To get started, do the following:
- In this case, one row of the logs table contains information about one visit, and the ym.s.goalsID column is an array of the form -
[0,1,0,...]
, which contains identifiers of goals achieved during this visit. In order to bring the array to a form suitable for further work, it is necessary to remove extra characters from it, in our case square brackets. - It is necessary to reformat the table so that one line contains information about one goal achieved during the visit.

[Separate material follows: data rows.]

lemma card_sum_quadruples_esym2:
  assumes "odd m" "s \<in> Fq"
  shows "card (sum_quadruples s (\<lambda>x y z w. g dvd esym2 x y z w + D)) =
    (if s = 0 then if g dvd D then q else q * (q + 1) else q\<^sup>2)"
proof -
  have "card (sum_quadruples s (\<lambda>x y z w. g dvd esym2 x y z w + D)) = (if s = 0
      then q * card {(u, v). u \<in> Fq \<and> v \<in> Fq \<and> g dvd u\<^sup>2 + u * v + v\<^sup>2 + s * (u + v) + D}
      else q\<^sup>2)"
    by (rule card_sum_quadruples_linear[OF assms(2)]) (unfold esym2_shift, simp add: add.assoc)
  then show ?thesis using card_norm_form[OF assms(1), of D] by simp
qed

lemma card_sum_quadruples_esym2_zw:
  assumes "s \<in> Fq"
  shows "card (sum_quadruples s (\<lambda>x y z w. g dvd esym2 x y z w + z\<^sup>2 + w\<^sup>2 + D)) =
    (if s = 0 then if g dvd D then q * (2 * q - 1) else q * (q - 1) else q\<^sup>2)"
proof -
  have "card (sum_quadruples s (\<lambda>x y z w. g dvd esym2 x y z w + z\<^sup>2 + w\<^sup>2 + D)) = (if s = 0
      then q * card {(u, v). u \<in> Fq \<and> v \<in> Fq \<and> g dvd (u + s) * (v + s) + D} else q\<^sup>2)"
    by (rule card_sum_quadruples_linear[OF assms]) (unfold esym2_shift_zw, simp add: add.assoc)
  then show ?thesis using card_product[of 0 0 D] by simp
qed

lemma card_sum_quadruples_esym2_w:
  assumes "s \<in> Fq"
  shows "card (sum_quadruples s (\<lambda>x y z w. g dvd esym2 x y z w + w\<^sup>2 + D)) =
    (if s = 0 then q\<^sup>2 else if \<exists>z\<in>Fq. g dvd z\<^sup>2 + s * z + D then q * (q + 1) else q * (q - 1))"
proof -
  have "card (sum_quadruples s (\<lambda>x y z w. g dvd esym2 x y z w + w\<^sup>2 + D)) =
      (\<Sum>z\<in>Fq. card {(u, v). u \<in> Fq \<and> v \<in> Fq \<and> g dvd (u + s) * (v + s) + (z\<^sup>2 + s * z + D)})"
    unfolding card_sum_quadruples_by_z[OF assms] esym2_shift_w by (simp add: add.assoc)
  also have "\<dots> = (\<Sum>z\<in>Fq. (q - 1) + (if g dvd z\<^sup>2 + s * z + D then q else 0))"
    using assms q_ge_2 by (intro sum.cong) (simp_all add: card_product mult_2)
  also have "\<dots> = q * (q - 1) + q * card {z \<in> Fq. g dvd z\<^sup>2 + s * z + D}"
    by (simp only: sum.distrib sum_constant card_Fq) (simp add: sum.inter_filter[symmetric] mult.commute)
  finally have count: "card (sum_quadruples s (\<lambda>x y z w. g dvd esym2 x y z w + w\<^sup>2 + D)) =
      q * (q - 1) + q * card {z \<in> Fq. g dvd z\<^sup>2 + s * z + D}" .
  show ?thesis
  proof (cases "s = 0")
    case True
    then show ?thesis
      using count card_square_root[of D] q_ge_2 by (simp add: power2_eq_square algebra_simps)
  next
    case False
    then show ?thesis
      using count card_artin_schreier[OF assms False, of D] q_ge_2 by (simp add: algebra_simps)
  qed
qed

end

section \<open>The Galois ring \<open>\<int>/4[x]/(f)\<close> and its Teichmueller set\<close>

locale gr_remainders =
  fixes f :: "z4 poly"
  assumes monic: "lead_coeff f = 1" and degree_pos: "0 < degree f"
begin

abbreviation R :: "z4 poly set" where "R \<equiv> gr_carrier f"

lemma mem_R_iff: "p \<in> R \<longleftrightarrow> degree p < degree f"
  using degree_pos unfolding gr_carrier_def by auto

Those. if three goals were achieved during one visit, then this visit will be divided into three rows, and each line, in the ym.s.goalsID column will contain the identifier of only one goal.
- Attach a table with a list of goals to the log table to understand exactly what goals were achieved during each visit.
- Rename the name column with goal names to events .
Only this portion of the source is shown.